Collected data entries
──────────
lemma short_exact_Gamma_iff:
  "short_exact (Gamma scale a) (UNIV :: 'b set) (smul_set scale a UNIV) (\<lambda>m. m) (\<lambda>m. a *s m)
     \<longleftrightarrow> Gamma scale a = ann scale a"
  using ann_subset_Gamma unfolding short_exact_def smul_set_def ann_def by auto

lemma mod_iso_Gamma_HomQ_iff:
  "mod_iso (+) scale (Gamma scale a) hom_add (hom_scale scale) (HomQ scale (pideal a))
     \<longleftrightarrow> Gamma scale a = ann scale a"
proof
  assume iso: "mod_iso (+) scale (Gamma scale a) hom_add (hom_scale scale) (HomQ scale (pideal a))"
  have "hom_scale scale a f = hom_scale scale 0 f" if "f \<in> HomQ scale (pideal a)" for f
    using that by (auto simp: HomQ_pideal hom_scale_elem_hom ann_def)
  then have "a *s m = 0 *s m" if "m \<in> Gamma scale a" for m
    using mod_iso_scale_eq[OF iso subspace_scale[OF subspace_Gamma]] that by blast
  then have "Gamma scale a \<subseteq> ann scale a"
    by (auto simp: ann_def)
  then show "Gamma scale a = ann scale a"
    using ann_subset_Gamma by blast
next
  assume "Gamma scale a = ann scale a"
  then show "mod_iso (+) scale (Gamma scale a) hom_add (hom_scale scale) (HomQ scale (pideal a))"
    by (simp add: HomQ_pideal mod_iso_elem_hom)
qed

lemma mod_iso_dl_carrier_iff:
  "mod_iso (dl_add hom_add (HomSys scale a) HomSys_tr)
       (dl_scale (hom_scale scale) (HomSys scale a) HomSys_tr)
       (dl_carrier (HomSys scale a) HomSys_tr) add s T
     \<longleftrightarrow> mod_iso (+) scale (Gamma scale a) add s T"
proof
  assume "mod_iso (dl_add hom_add (HomSys scale a) HomSys_tr)
       (dl_scale (hom_scale scale) (HomSys scale a) HomSys_tr)
       (dl_carrier (HomSys scale a) HomSys_tr) add s T"
  then show "mod_iso (+) scale (Gamma scale a) add s T"
    by (rule mod_iso_trans[OF mod_iso_Gamma_dl_carrier])
next
  assume "mod_iso (+) scale (Gamma scale a) add s T"
  moreover have "mod_iso (dl_add hom_add (HomSys scale a) HomSys_tr)
       (dl_scale (hom_scale scale) (HomSys scale a) HomSys_tr)
       (dl_carrier (HomSys scale a) HomSys_tr) (+) scale (Gamma scale a)"
    using mod_iso_Gamma_dl_carrier subspace_add[OF subspace_Gamma] subspace_scale[OF subspace_Gamma]
    by (rule mod_iso_sym)
  ultimately show "mod_iso (dl_add hom_add (HomSys scale a) HomSys_tr)
       (dl_scale (hom_scale scale) (HomSys scale a) HomSys_tr)
       (dl_carrier (HomSys scale a) HomSys_tr) add s T"
    by (rule mod_iso_trans[rotated])
qed

end

theorem mainTheorem2:
  fixes scale :: "'a::comm_ring_1 \<Rightarrow> 'm::ab_group_add \<Rightarrow> 'm"
  assumes "module scale"
  shows "(reduced scale \<longleftrightarrow> (\<forall>a. smul_set scale a (Gamma scale a) = {0}))
       \<and> (reduced scale \<longleftrightarrow> (\<forall>a. \<forall>k::nat. k > 0 \<longrightarrow> ann scale a = ann scale (a ^ k)))
       \<and> (reduced scale \<longleftrightarrow> (\<forall>a. mod_iso
              (dl_add hom_add (HomSys scale a) HomSys_tr)
              (dl_scale (hom_scale scale) (HomSys scale a) HomSys_tr)
              (dl_carrier (HomSys scale a) HomSys_tr)
              hom_add (hom_scale scale) (HomQ scale (pideal a))))
       \<and> (reduced scale \<longleftrightarrow> (\<forall>a. mod_iso (+) scale (Gamma scale a)
              hom_add (hom_scale scale) (HomQ scale (pideal a))))
       \<and> (reduced scale \<longleftrightarrow> (\<forall>a. short_exact (Gamma scale a) (UNIV :: 'm set)
              (smul_set scale a UNIV) (\<lambda>m. m) (\<lambda>m. scale a m)))"
proof -
  interpret module scale by fact
  have "reduced scale \<longleftrightarrow> (\<forall>a. Gamma scale a = ann scale a)"
    by (simp add: reduced_def a_reduced_iff_Gamma_eq_ann)
  then show ?thesis
    unfolding smul_set_Gamma_eq_zero_iff ann_eq_ann_power_iff mod_iso_dl_carrier_iff
      mod_iso_Gamma_HomQ_iff short_exact_Gamma_iff
    by blast
qed

end
lemma actions_N_GN_counit_G:
  assumes "T One = scaling_map \<alpha>" "T G = counit_map"
  obtains \<beta> where "T GN = T N" "T N One = 0" "T N G = vec \<beta> (- \<beta>) 0 0"
    "T N N = vec 0 0 (- \<alpha> * \<beta>) 0" "T N GN = vec 0 0 0 (- \<alpha> * \<beta>)"
proof -
  have "T N G = vec (T N G One) (- T N G One) 0 (T N G GN)"
    using actions_N_GN_cop(1) by (intro skew_primitive_One_G_eq_vec) (simp add: assms)
  moreover have "T N G GN = 0"
    using fun_cong[OF action_N_at_G_anticommute, of GN] fun_cong[OF calculation, of N]
    by (simp add: assms mult_apply)
  ultimately obtain \<beta> where \<beta>: "T N G = vec \<beta> (- \<beta>) 0 0"
    by auto
  have "T GN G = vec \<beta> (- \<beta>) 0 0"
    using action_N_assoc[of G G]
    by (auto simp: assms \<beta> actions_N_GN_at_One coordinate_simps)
  have "T GN N = vec 0 0 (- \<alpha> * \<beta>) 0"
    using action_N_assoc[of G N]
    by (auto simp: assms \<beta> coordinate_simps mult.commute)
  have "cop (T N N) (p, q) = bas One p * T N N q + T N G p * T One N q + T N N p * bas One q"
    for p q
    using fun_cong[OF actions_N_GN_cop(3), of "(p, q)"] by (simp add: assms tensor_def)
  from this[of One One] this[of G G] this[of G N] this[of GN G]
  have "T N N = vec 0 0 (- \<alpha> * \<beta>) 0"
    by (simp add: assms \<beta> cop_apply B_fun_eq_iff)
  then show ?thesis
    using that actions_N_GN_at_GN
    by (simp add: assms \<beta> \<open>T GN G = _\<close> \<open>T GN N = _\<close> actions_N_GN_at_One coordinate_simps
        algebra_simps)
qed

lemma eq_form_i:
  assumes "T One = scaling_map 1" "T G = scaling_map (-1)"
  shows "\<exists>a. T = form_i a"
proof -
  have "T N G = 0" "T GN G = 0"
    using actions_N_GN_cop(1,2) by (auto simp: assms intro: skew_primitive_G_G_eq_0)
  have "T GN N = T N N"
    using action_N_assoc[of G N]
    by (simp add: assms \<open>T N G = 0\<close> coordinate_simps)
  moreover have "T GN N = - rhd T (bas G) (T N N)"
    using grouplike_action_assoc[of G N N]
    by (simp add: assms coordinate_simps)
  ultimately have "T N N One = 0" "T N N G = 0"
    by (simp_all add: assms coordinate_simps)
  moreover have "skew_primitive (bas G) (bas One) (T N N)"
    using actions_N_GN_cop(3)
    by (simp add: assms \<open>T N G = 0\<close> skew_primitive_def tensor_def fun_eq_iff)
  ultimately obtain \<alpha> where \<alpha>: "T N N = vec 0 0 \<alpha> 0"
    using skew_primitive_G_One_eq_vec by fastforce
  then have "T = form_i \<alpha>"
    using actions_N_GN_at_GN
    by (simp add: assms actions_N_GN_at_One \<open>T GN N = T N N\<close> \<open>T N G = 0\<close> \<open>T GN G = 0\<close>
        coordinate_simps)
  then show ?thesis ..
qed

lemma eq_form_ii:
  assumes "T One = scaling_map 1" "T G = counit_map"
  shows "\<exists>a. T = form_ii a"
proof -
  obtain \<beta> where "T GN = T N" "T N One = 0" "T N G = vec \<beta> (- \<beta>) 0 0"
    "T N N = vec 0 0 (- \<beta>) 0" "T N GN = vec 0 0 0 (- \<beta>)"
    using actions_N_GN_counit_G[OF assms] by auto
  then have "T = form_ii \<beta>"
    by (simp add: assms B_fun_eq_iff)
  then show ?thesis ..
qed

lemma eq_form_iii:
  assumes "T One = scaling_map 1" "T G = scaling_map 1"
  shows "T = form_iii"
proof -
  have "T N G = 0"
    using actions_N_GN_cop(1) by (intro skew_primitive_G_G_eq_0) (simp add: assms)
  have "T GN z = T N z" for z
    using grouplike_action_assoc[of G N z]
    by (simp add: assms coordinate_simps)
  moreover have "T N z = - T GN z" for z
    using action_N_assoc[of G z]
    by (cases z) (simp_all add: assms \<open>T N G = 0\<close> coordinate_simps)
  ultimately have "T N z = 0" "T GN z = 0" for z
    by (simp_all add: B_fun_eq_iff eq_neg_iff_add_eq_0)
  then show ?thesis
    by (simp add: assms B_fun_eq_iff)
qed

lemma eq_form_iv:
  assumes "T One = scaling_map 0" "T G = scaling_map 0"
  shows "T = form_iv"
proof -
  have "T N G = 0" "T GN G = 0"
    using actions_N_GN_cop(1,2) by (auto simp: assms intro: skew_primitive_G_G_eq_0)
  have "T N N One = 0" "T N N G = 0"
    using grouplike_action_assoc[of One N N]
    by (simp_all add: assms coordinate_simps)
  moreover have "skew_primitive (bas G) (bas One) (T N N)"
    using actions_N_GN_cop(3)
    by (simp add: assms \<open>T N G = 0\<close> skew_primitive_def tensor_def fun_eq_iff)
  ultimately obtain \<alpha> where \<alpha>: "T N N = vec 0 0 \<alpha> 0"
    using skew_primitive_G_One_eq_vec by fastforce
  have "T GN N = 0"
    using action_N_assoc[of G N]
    by (simp add: assms \<open>T N G = 0\<close> coordinate_simps)
  have "\<alpha> * \<alpha> = 0"
    using fun_cong[OF action_N_assoc[of N N], of N]
    by (simp add: assms \<alpha> \<open>T GN N = 0\<close> coordinate_simps)
  then show ?thesis
    using actions_N_GN_at_GN
    by (simp add: assms \<alpha> actions_N_GN_at_One \<open>T GN N = 0\<close> \<open>T N G = 0\<close> \<open>T GN G = 0\<close>
        coordinate_simps)
qed

lemma eq_form_v:
  assumes "T One = scaling_map 0" "T G = counit_map"
  shows "T = form_v"
proof -
  obtain \<beta> where \<beta>: "T GN = T N" "T N One = 0" "T N G = vec \<beta> (- \<beta>) 0 0"
    "T N N = vec 0 0 (- 0 * \<beta>) 0" "T N GN = vec 0 0 0 (- 0 * \<beta>)"
    using actions_N_GN_counit_G[OF assms] .
  moreover have "\<beta> = 0"
    using fun_cong[OF grouplike_action_assoc[of One N G], of One]
    by (simp add: assms \<beta> coordinate_simps)
  ultimately show ?thesis
    by (simp add: assms B_fun_eq_iff)
qed

lemma eq_form_vi:
  assumes "T One = counit_map" "T G = counit_map"
  shows "T = form_vi"
proof -
  have "T N G = 0" "T GN G = 0"
    using actions_N_GN_cop(1,2) by (auto simp: assms intro: skew_primitive_One_One_eq_0)
  then have "skew_primitive (bas One) (bas One) (T N N)"
    "skew_primitive (bas One) (bas One) (T GN N)"
    using actions_N_GN_cop(3,4) by (simp_all add: assms skew_primitive_def tensor_def fun_eq_iff)
  then have "T N N = 0" "T GN N = 0"
    by (simp_all add: skew_primitive_One_One_eq_0)
  then show ?thesis
    using actions_N_GN_at_GN
    by (simp add: assms \<open>T N G = 0\<close> \<open>T GN G = 0\<close> actions_N_GN_at_One coordinate_simps)
qed

end

theorem theorem1:
  fixes T :: "B \<Rightarrow> B \<Rightarrow> 'k::{alg_closed_field, field_char_0} h4"
  assumes "relaxed_weak_post_hopf T"
  shows "(\<exists>a. T = form_i a) \<or> (\<exists>a. T = form_ii a) \<or> T = form_iii \<or>
         T = form_iv \<or> T = form_v \<or> T = form_vi"
  using assms
proof (cases rule: actions_One_G_cases)
  case i
  with eq_form_i[OF assms] show ?thesis by blast
next
  case ii
  with eq_form_ii[OF assms] show ?thesis by blast
next
  case iii
  with eq_form_iii[OF assms] show ?thesis by blast
next
  case iv
  with eq_form_iv[OF assms] show ?thesis by blast
next
  case v
  with eq_form_v[OF assms] show ?thesis by blast
next
  case vi
  with eq_form_vi[OF assms] show ?thesis by blast
qed

end
(* Let $N\ge1$ and $1\le m\le N$ be integers and let $D_{N,m}=|D_{N,m}\rangle\langle D_{N,m}|$. Then $C_S(D_{N,m})\ge N-2m+1$.
   Context: The Dicke state is $|D_{N,m}\rangle=\binom{N}{m}^{-1/2}\sum_\pi|0\rangle^{\otimes(N-m)}|1\rangle^{\otimes m}$, the normalized uniform superposition of all $N$-bit computational basis states of Hamming weight $m$. $\mathbb{I},\sigma_X,\sigma_Y,\sigma_Z$ are the identity and Pauli matrices. The notation $\sum_\pi \mathbb{I}^{\otimes j}\otimes A^{\otimes (N-j)}$ denotes the sum, over all distinct placements, of tensor products in which exactly $j$ of the $N$ factors are $\mathbb{I}$ and the other $N-j$ are $A$ (each distinct arrangement counted once). Measurement complexity: for an $N$-qubit permutation-invariant operator $\rho$, $C_S(\rho)$ is the minimal $n_A$ such that there exist real $b_i,c_i,d_i$ and real $\alpha_{ij}$ ($1\le i\le n_A$, $0\le j\le N$) with $\rho=\sum_{i=1}^{n_A}\sum_{j=0}^{N}\alpha_{ij}\sum_\pi\mathbb{I}^{\otimes j}\otimes A_i^{\otimes(N-j)}$, $A_i=b_i\sigma_X+c_i\sigma_Y+d_i\sigma_Z$. *)

theory Defs
  imports Complex_Main "HOL-Library.Extended_Nat"
begin

text \<open>Computational basis states of N qubits: bit strings x :: nat \<Rightarrow> bool with x k = False
  for k \<ge> N (bit k is the state of qubit k; False = |0>, True = |1>).
  An N-qubit operator is represented by its matrix entries op x y = <x|op|y>,
  a single-qubit operator by a function bool \<Rightarrow> bool \<Rightarrow> complex.\<close>

definition bitstrings :: "nat \<Rightarrow> (nat \<Rightarrow> bool) set" where
  "bitstrings N = {x. \<forall>k. N \<le> k \<longrightarrow> \<not> x k}"

type_synonym qop = "(nat \<Rightarrow> bool) \<Rightarrow> (nat \<Rightarrow> bool) \<Rightarrow> complex"
type_synonym qop1 = "bool \<Rightarrow> bool \<Rightarrow> complex"

definition ident1 :: qop1 where "ident1 a b = (if a = b then 1 else 0)"
definition sigmaX :: qop1 where "sigmaX a b = (if a \<noteq> b then 1 else 0)"
definition sigmaY :: qop1 where
  "sigmaY a b = (if \<not> a \<and> b then - \<i> else if a \<and> \<not> b then \<i> else 0)"
definition sigmaZ :: qop1 where
  "sigmaZ a b = (if a = b then (if a then -1 else 1) else 0)"

definition pauli_comb :: "real \<Rightarrow> real \<Rightarrow> real \<Rightarrow> qop1" where
  "pauli_comb b c d u v = of_real b * sigmaX u v + of_real c * sigmaY u v + of_real d * sigmaZ u v"

text \<open>sum over all placements of j identities and N-j copies of A:
  \<Sum>_\<pi> I^{\<otimes> j} \<otimes> A^{\<otimes>(N-j)}. The set S is the set of positions carrying the identity.\<close>
definition sym_term :: "nat \<Rightarrow> nat \<Rightarrow> qop1 \<Rightarrow> qop" where
  "sym_term N j A x y =
     (\<Sum>S \<in> {S. S \<subseteq> {..<N} \<and> card S = j}.
        \<Prod>k<N. (if k \<in> S then ident1 else A) (x k) (y k))"

definition hweight :: "nat \<Rightarrow> (nat \<Rightarrow> bool) \<Rightarrow> nat" where
  "hweight N x = card {k. k < N \<and> x k}"

definition dicke :: "nat \<Rightarrow> nat \<Rightarrow> (nat \<Rightarrow> bool) \<Rightarrow> complex" where
  "dicke N m x = (if x \<in> bitstrings N \<and> hweight N x = m
                  then of_real (1 / sqrt (real (N choose m))) else 0)"

definition dicke_proj :: "nat \<Rightarrow> nat \<Rightarrow> qop" where
  "dicke_proj N m x y = dicke N m x * cnj (dicke N m y)"

definition decomposable :: "nat \<Rightarrow> qop \<Rightarrow> nat \<Rightarrow> bool" where
  "decomposable N \<rho> n \<longleftrightarrow>
    (\<exists>(b::nat \<Rightarrow> real) (c::nat \<Rightarrow> real) (d::nat \<Rightarrow> real) (\<alpha>::nat \<Rightarrow> nat \<Rightarrow> real).
       \<forall>x \<in> bitstrings N. \<forall>y \<in> bitstrings N.
         \<rho> x y = (\<Sum>i\<in>{1..n}. \<Sum>j\<le>N. of_real (\<alpha> i j) * sym_term N j (pauli_comb (b i) (c i) (d i)) x y))"

text \<open>Measurement complexity C_S (the minimum; \<infinity> if no decomposition exists).\<close>
definition meas_complexity :: "nat \<Rightarrow> qop \<Rightarrow> enat" where
  "meas_complexity N \<rho> = Inf {enat n | n. decomposable N \<rho> n}"

end

theory Submission
  imports Defs "HOL-Library.FuncSet"
begin

text \<open>If \<open>D\<^sub>N\<^sub>,\<^sub>m\<close> had a decomposition with \<open>n \<le> N - 2m\<close> settings \<open>A\<^sub>i\<close>, apply the linear
  functional \<open>\<rho> \<mapsto> Tr(\<rho> (W\<^sub>0 \<otimes> \<dots> \<otimes> W\<^sub>N\<^sub>-\<^sub>1))\<close> with all \<open>W\<^sub>k\<close> traceless. Tracelessness kills
  every term containing an identity factor, so only the terms \<open>A\<^sub>i\<^sup>\<otimes>\<^sup>N\<close> survive, each contributing
  \<open>\<Prod>\<^sub>k Tr(A\<^sub>i W\<^sub>k)\<close>. Taking \<open>W\<^sub>k = \<sigma>\<^sub>Z + p\<^sub>k |0\<rangle>\<langle>1|\<close> orthogonal to \<open>A\<^sub>k\<^sub>+\<^sub>1\<close> on the first \<open>N - 2m\<close>
  qubits and \<open>W\<^sub>k = \<sigma>\<^sub>X\<close> on the last \<open>2m\<close> (which annihilates settings without \<open>\<sigma>\<^sub>X, \<sigma>\<^sub>Y\<close> part),
  every surviving term vanishes. On \<open>D\<^sub>N\<^sub>,\<^sub>m\<close> itself the functional is a positive multiple of the
  number of pairs of weight-\<open>m\<close> strings that are complementary on the last \<open>2m\<close> qubits; weight
  counting forces both strings to vanish on the first \<open>N - 2m\<close> qubits, where \<open>W\<^sub>k\<close> has entry 1,
  and such pairs exist.\<close>

lemma bitstrings_eq_image_Pow: "bitstrings N = (\<lambda>S k. k \<in> S) ` Pow {..<N}"
proof (intro equalityI subsetI)
  fix x assume "x \<in> bitstrings N"
  then have "x = (\<lambda>k. k \<in> {k. k < N \<and> x k})" "{k. k < N \<and> x k} \<in> Pow {..<N}"
    by (auto simp: bitstrings_def not_le[symmetric])
  then show "x \<in> (\<lambda>S k. k \<in> S) ` Pow {..<N}" by blast
qed (auto simp: bitstrings_def)

lemma finite_bitstrings [simp]: "finite (bitstrings N)"
  by (simp add: bitstrings_eq_image_Pow)

lemma sum_bitstrings_prod:
  fixes f :: "nat \<Rightarrow> bool \<Rightarrow> 'a::comm_semiring_1"
  shows "(\<Sum>x\<in>bitstrings N. \<Prod>k<N. f k (x k)) = (\<Prod>k<N. \<Sum>u\<in>UNIV. f k u)"
proof -
  have "(\<Prod>k<N. \<Sum>u\<in>UNIV. f k u) = (\<Sum>g\<in>Pi\<^sub>E {..<N} (\<lambda>_. UNIV). \<Prod>k<N. f k (g k))"
    by (rule prod_sum_PiE) auto
  also have "\<dots> = (\<Sum>x\<in>bitstrings N. \<Prod>k<N. f k (x k))"
    by (rule sum.reindex_bij_witness[of _ "\<lambda>x. restrict x {..<N}" "\<lambda>g k. k < N \<and> g k"])
       (auto simp: bitstrings_def fun_eq_iff PiE_def extensional_def not_le[symmetric])
  finally show ?thesis ..
qed

definition trace1 :: "qop1 \<Rightarrow> qop1 \<Rightarrow> complex" where
  "trace1 A W = (\<Sum>u\<in>UNIV. \<Sum>v\<in>UNIV. A u v * W v u)"

definition trace_tensor :: "nat \<Rightarrow> qop \<Rightarrow> (nat \<Rightarrow> qop1) \<Rightarrow> complex" where
  "trace_tensor N \<rho> W =
     (\<Sum>x\<in>bitstrings N. \<Sum>y\<in>bitstrings N. \<rho> x y * (\<Prod>k<N. W k (y k) (x k)))"

lemma trace_tensor_prod:
  "trace_tensor N (\<lambda>x y. \<Prod>k<N. B k (x k) (y k)) W = (\<Prod>k<N. trace1 (B k) (W k))"
proof -
  have "trace_tensor N (\<lambda>x y. \<Prod>k<N. B k (x k) (y k)) W
      = (\<Sum>x\<in>bitstrings N. \<Sum>y\<in>bitstrings N. \<Prod>k<N. B k (x k) (y k) * W k (y k) (x k))"
    by (simp add: trace_tensor_def prod.distrib)
  also have "\<dots> = (\<Sum>x\<in>bitstrings N. \<Prod>k<N. \<Sum>v\<in>UNIV. B k (x k) v * W k v (x k))"
    by (intro sum.cong refl sum_bitstrings_prod)
  also have "\<dots> = (\<Prod>k<N. trace1 (B k) (W k))"
    unfolding trace1_def by (rule sum_bitstrings_prod)
  finally show ?thesis .
qed

lemma trace_tensor_sum:
  "trace_tensor N (\<lambda>x y. \<Sum>i\<in>I. f i x y) W = (\<Sum>i\<in>I. trace_tensor N (f i) W)"
  unfolding trace_tensor_def sum_distrib_right
  by (subst sum.swap, rule sum.cong[OF refl], rule sum.swap)

lemma trace_tensor_scale: "trace_tensor N (\<lambda>x y. c * f x y) W = c * trace_tensor N f W"
  unfolding trace_tensor_def by (simp add: sum_distrib_left mult.assoc)

lemma trace_tensor_cong:
  "(\<And>x y. x \<in> bitstrings N \<Longrightarrow> y \<in> bitstrings N \<Longrightarrow> \<rho> x y = \<rho>' x y)
   \<Longrightarrow> trace_tensor N \<rho> W = trace_tensor N \<rho>' W"
  unfolding trace_tensor_def by (intro sum.cong) auto

lemma trace_tensor_sym_term:
  assumes traceless: "\<And>k. k < N \<Longrightarrow> trace1 ident1 (W k) = 0"
  shows "trace_tensor N (sym_term N j A) W = (if j = 0 then \<Prod>k<N. trace1 A (W k) else 0)"
proof -
  let ?Sets = "{S. S \<subseteq> {..<N} \<and> card S = j}"
  have "trace_tensor N (sym_term N j A) W
      = (\<Sum>S\<in>?Sets. \<Prod>k<N. trace1 (if k \<in> S then ident1 else A) (W k))"
    unfolding sym_term_def[abs_def] trace_tensor_sum by (intro sum.cong refl trace_tensor_prod)
  also have "\<dots> = (if j = 0 then \<Prod>k<N. trace1 A (W k) else 0)"
  proof (cases "j = 0")
    case True
    then have "?Sets = {{}}"
      by (auto dest: finite_subset[OF _ finite_lessThan])
    with True show ?thesis by simp
  next
    case False
    have "(\<Prod>k<N. trace1 (if k \<in> S then ident1 else A) (W k)) = 0" if "S \<in> ?Sets" for S
    proof -
      from that False obtain k where k: "k \<in> S" by fastforce
      with that have "k < N" by auto
      moreover have "trace1 (if k \<in> S then ident1 else A) (W k) = 0"
        using k traceless \<open>k < N\<close> by simp
      ultimately show ?thesis by (intro prod_zero) blast+
    qed
    then have "(\<Sum>S\<in>?Sets. \<Prod>k<N. trace1 (if k \<in> S then ident1 else A) (W k)) = 0"
      by (intro sum.neutral) blast
    with False show ?thesis by simp
  qed
  finally show ?thesis .
qed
──────────
EXERCISE DESCRIPTION: Copy out only the lines of the records above from the one with "interpret module scale by fact" through the one with "obtains \<beta> where", exactly as they stand, both included.

ANSWER SPACE:
  interpret module scale by fact
  have "reduced scale \<longleftrightarrow> (\<forall>a. Gamma scale a = ann scale a)"
    by (simp add: reduced_def a_reduced_iff_Gamma_eq_ann)
  then show ?thesis
    unfolding smul_set_Gamma_eq_zero_iff ann_eq_ann_power_iff mod_iso_dl_carrier_iff
      mod_iso_Gamma_HomQ_iff short_exact_Gamma_iff
    by blast
qed

end
lemma actions_N_GN_counit_G:
  assumes "T One = scaling_map \<alpha>" "T G = counit_map"
  obtains \<beta> where "T GN = T N" "T N One = 0" "T N G = vec \<beta> (- \<beta>) 0 0"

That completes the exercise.